Task directions: For this exercise, set down all the records exactly as given.

------ Data excerpts ------

(* Let $(V_\iota)_{\iota\in\mathbb N}$ be a sequence of bounded $C^1$-submanifolds of $\mathbb R^n$ of dimension $p$, each $\eta$-bounded for a fixed $\eta>0$. Assume that both $\lim_\iota V_\iota$ and $\lim_\iota\operatorname{fr}V_\iota$ exist, and that there is $\nu\in\mathbb N$ such that for every $\iota$ and every open box $U\subseteq\mathbb R^n$ the set $V_\iota\cap U$ has at most $\nu$ connected components. Then for every $x\in\lim_\iota V_\iota\setminus\lim_\iota\operatorname{fr}V_\iota$ there are a box $U\subseteq\mathbb R^n$ containing $x$ and $p\eta$-Lipschitz functions $f_1,\dots,f_\nu:\Pi_p(U)\to\mathbb R^{n-p}$ such that $\big(\lim_\iota V_\iota\big)\cap U=(\operatorname{gr}f_1\cap U)\cup\cdots\cup(\operatorname{gr}f_\nu\cap U)$.
   Context: For $x\in\mathbb R^k$, $|x|=\max_i|x_i|$, used for Lipschitz constants. A box is a product of nonempty open intervals. A $p$-dimensional submanifold $V\subseteq\mathbb R^n$ is $\eta$-bounded if for every $x\in V$ there is a real $(n-p)\times p$ matrix $L$ with all entries of absolute value $\le\eta$ such that $T_xV=\{(u,Lu):u\in\mathbb R^p\}$. $\operatorname{fr}V=\operatorname{cl}V\setminus V$. For bounded sets $A_\iota\subseteq\mathbb R^n$, $\lim_\iota A_\iota=C$ means the closures $\operatorname{cl}A_\iota$ converge to the compact set $C$ in the Hausdorff metric on compact subsets of $\mathbb R^n$ (with $\emptyset$ included, at distance $\infty$ from nonempty sets). $\Pi_p$ is projection onto the first $p$ coordinates and $\operatorname{gr}f$ the graph of $f$. *)

theory Defs
  imports "HOL-Analysis.Analysis"
begin

text \<open>R^n is modelled as (real,'n) vec for a finite linearly ordered index type 'n
  (so n = CARD('n)); the "first p coordinates" are the p smallest indices.
  R^p and R^(n-p) are modelled as the coordinate subspaces of (real,'n) vec.\<close>

definition firstp :: "nat \<Rightarrow> ('n::{finite,linorder}) set" where
  "firstp p = {i. card {j. j < i} < p}"

definition projp :: "nat \<Rightarrow> (real,'n) vec \<Rightarrow> (real,'n::{finite,linorder}) vec" where
  "projp p x = (\<chi> i. if i \<in> firstp p then x$i else 0)"

definition maxnorm :: "(real,'n::finite) vec \<Rightarrow> real" where
  "maxnorm x = Max (range (\<lambda>i. \<bar>x$i\<bar>))"

definition C1_on :: "((real,'n::finite) vec) set \<Rightarrow> ((real,'n) vec \<Rightarrow> (real,'n) vec) \<Rightarrow> bool" where
  "C1_on W f \<longleftrightarrow> (\<exists>f'. (\<forall>y\<in>W. (f has_derivative f' y) (at y))
                         \<and> continuous_on W (\<lambda>y. matrix (f' y)))"
(* Let $V$ be a proper $K$-poset with a single maximal node $m$ (and $\dim V\ge1$). If $d_V(m)>1$, then there exists a proper $K$-poset $U$ which is a splitting of $V$ at $m$, with associated set $\mathcal M\subseteq\max U$, such that $d_{L_U(m_i)}(m_i)=1$ for all $m_i\in\mathcal M$.
   Context: For a poset $U$: $L(u)=L_U(u)=\{v\le u\}$, $G(u)=\{v\ge u\}$, $L(u)^*$, $G(u)^*$ the same sets with $u$ removed; height of $u$ is $\dim L(u)$ (dimension = supremum of chain lengths); $H_i$ = set of height-$i$ nodes; $\operatorname{mub}A$ = minimal common upper bounds of $A$; $[b/c]$ = set of $u$ with $G(u)^*=\{b\}$, $L(u)^*=\{c\}$. A poset with $\dim\le2$ is a $K$-poset if $\min U$, $H_2$ are finite, $\operatorname{mub}\{u,v\}$ is finite for distinct minimal $u,v$, and $[u/w]$ is infinite whenever $u>v>w$ for some $v$; proper if $|[u/w]|\in\{0,|U|\}$ for all maximal $u$, minimal $w$. $\mathcal H_U$ = minimal nodes together with height-one nodes dominating at least two minimal nodes. For a poset $W$ with a single maximal node $n$ and $\dim W\ge1$: $\mathcal H_W^*=\mathcal H_W\setminus\{n\}$; $\Lambda_W\subseteq\mathcal H_W^*$ consists of the nodes of $H_1\cap\mathcal H_W^*$ together with all nodes $v\in\mathcal H_W^*$ with $G(v)\cap H_1\cap\mathcal H_W^*=\emptyset$; and $d_W(n)=|\Lambda_W|$. Splitting: for a poset $V$ with a maximal node $m$ of positive height, $U$ is a splitting of $V$ at $m$ if there are a finite nonempty $\mathcal M\subseteq\max U$ of positive-height nodes and a surjective order-preserving $\varphi:U\to V$ with $\varphi^{-1}(m)=\mathcal M$, $|\varphi^{-1}(v)|=1$ for $v\ne m$, and such that whenever $\varphi(x')=x\le y$ there is $y'\ge x'$ with $\varphi(y')=y$. *)

theory Defs
  imports Main "HOL-Library.Extended_Nat" "HOL-Library.Equipollence"
begin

------

Written solution:
(* Let $(V_\iota)_{\iota\in\mathbb N}$ be a sequence of bounded $C^1$-submanifolds of $\mathbb R^n$ of dimension $p$, each $\eta$-bounded for a fixed $\eta>0$. Assume that both $\lim_\iota V_\iota$ and $\lim_\iota\operatorname{fr}V_\iota$ exist, and that there is $\nu\in\mathbb N$ such that for every $\iota$ and every open box $U\subseteq\mathbb R^n$ the set $V_\iota\cap U$ has at most $\nu$ connected components. Then for every $x\in\lim_\iota V_\iota\setminus\lim_\iota\operatorname{fr}V_\iota$ there are a box $U\subseteq\mathbb R^n$ containing $x$ and $p\eta$-Lipschitz functions $f_1,\dots,f_\nu:\Pi_p(U)\to\mathbb R^{n-p}$ such that $\big(\lim_\iota V_\iota\big)\cap U=(\operatorname{gr}f_1\cap U)\cup\cdots\cup(\operatorname{gr}f_\nu\cap U)$.
   Context: For $x\in\mathbb R^k$, $|x|=\max_i|x_i|$, used for Lipschitz constants. A box is a product of nonempty open intervals. A $p$-dimensional submanifold $V\subseteq\mathbb R^n$ is $\eta$-bounded if for every $x\in V$ there is a real $(n-p)\times p$ matrix $L$ with all entries of absolute value $\le\eta$ such that $T_xV=\{(u,Lu):u\in\mathbb R^p\}$. $\operatorname{fr}V=\operatorname{cl}V\setminus V$. For bounded sets $A_\iota\subseteq\mathbb R^n$, $\lim_\iota A_\iota=C$ means the closures $\operatorname{cl}A_\iota$ converge to the compact set $C$ in the Hausdorff metric on compact subsets of $\mathbb R^n$ (with $\emptyset$ included, at distance $\infty$ from nonempty sets). $\Pi_p$ is projection onto the first $p$ coordinates and $\operatorname{gr}f$ the graph of $f$. *)

theory Defs
  imports "HOL-Analysis.Analysis"
begin

text \<open>R^n is modelled as (real,'n) vec for a finite linearly ordered index type 'n
  (so n = CARD('n)); the "first p coordinates" are the p smallest indices.
  R^p and R^(n-p) are modelled as the coordinate subspaces of (real,'n) vec.\<close>

definition firstp :: "nat \<Rightarrow> ('n::{finite,linorder}) set" where
  "firstp p = {i. card {j. j < i} < p}"

definition projp :: "nat \<Rightarrow> (real,'n) vec \<Rightarrow> (real,'n::{finite,linorder}) vec" where
  "projp p x = (\<chi> i. if i \<in> firstp p then x$i else 0)"

definition maxnorm :: "(real,'n::finite) vec \<Rightarrow> real" where
  "maxnorm x = Max (range (\<lambda>i. \<bar>x$i\<bar>))"

definition C1_on :: "((real,'n::finite) vec) set \<Rightarrow> ((real,'n) vec \<Rightarrow> (real,'n) vec) \<Rightarrow> bool" where
  "C1_on W f \<longleftrightarrow> (\<exists>f'. (\<forall>y\<in>W. (f has_derivative f' y) (at y))
                         \<and> continuous_on W (\<lambda>y. matrix (f' y)))"
(* Let $V$ be a proper $K$-poset with a single maximal node $m$ (and $\dim V\ge1$). If $d_V(m)>1$, then there exists a proper $K$-poset $U$ which is a splitting of $V$ at $m$, with associated set $\mathcal M\subseteq\max U$, such that $d_{L_U(m_i)}(m_i)=1$ for all $m_i\in\mathcal M$.
   Context: For a poset $U$: $L(u)=L_U(u)=\{v\le u\}$, $G(u)=\{v\ge u\}$, $L(u)^*$, $G(u)^*$ the same sets with $u$ removed; height of $u$ is $\dim L(u)$ (dimension = supremum of chain lengths); $H_i$ = set of height-$i$ nodes; $\operatorname{mub}A$ = minimal common upper bounds of $A$; $[b/c]$ = set of $u$ with $G(u)^*=\{b\}$, $L(u)^*=\{c\}$. A poset with $\dim\le2$ is a $K$-poset if $\min U$, $H_2$ are finite, $\operatorname{mub}\{u,v\}$ is finite for distinct minimal $u,v$, and $[u/w]$ is infinite whenever $u>v>w$ for some $v$; proper if $|[u/w]|\in\{0,|U|\}$ for all maximal $u$, minimal $w$. $\mathcal H_U$ = minimal nodes together with height-one nodes dominating at least two minimal nodes. For a poset $W$ with a single maximal node $n$ and $\dim W\ge1$: $\mathcal H_W^*=\mathcal H_W\setminus\{n\}$; $\Lambda_W\subseteq\mathcal H_W^*$ consists of the nodes of $H_1\cap\mathcal H_W^*$ together with all nodes $v\in\mathcal H_W^*$ with $G(v)\cap H_1\cap\mathcal H_W^*=\emptyset$; and $d_W(n)=|\Lambda_W|$. Splitting: for a poset $V$ with a maximal node $m$ of positive height, $U$ is a splitting of $V$ at $m$ if there are a finite nonempty $\mathcal M\subseteq\max U$ of positive-height nodes and a surjective order-preserving $\varphi:U\to V$ with $\varphi^{-1}(m)=\mathcal M$, $|\varphi^{-1}(v)|=1$ for $v\ne m$, and such that whenever $\varphi(x')=x\le y$ there is $y'\ge x'$ with $\varphi(y')=y$. *)

theory Defs
  imports Main "HOL-Library.Extended_Nat" "HOL-Library.Equipollence"
begin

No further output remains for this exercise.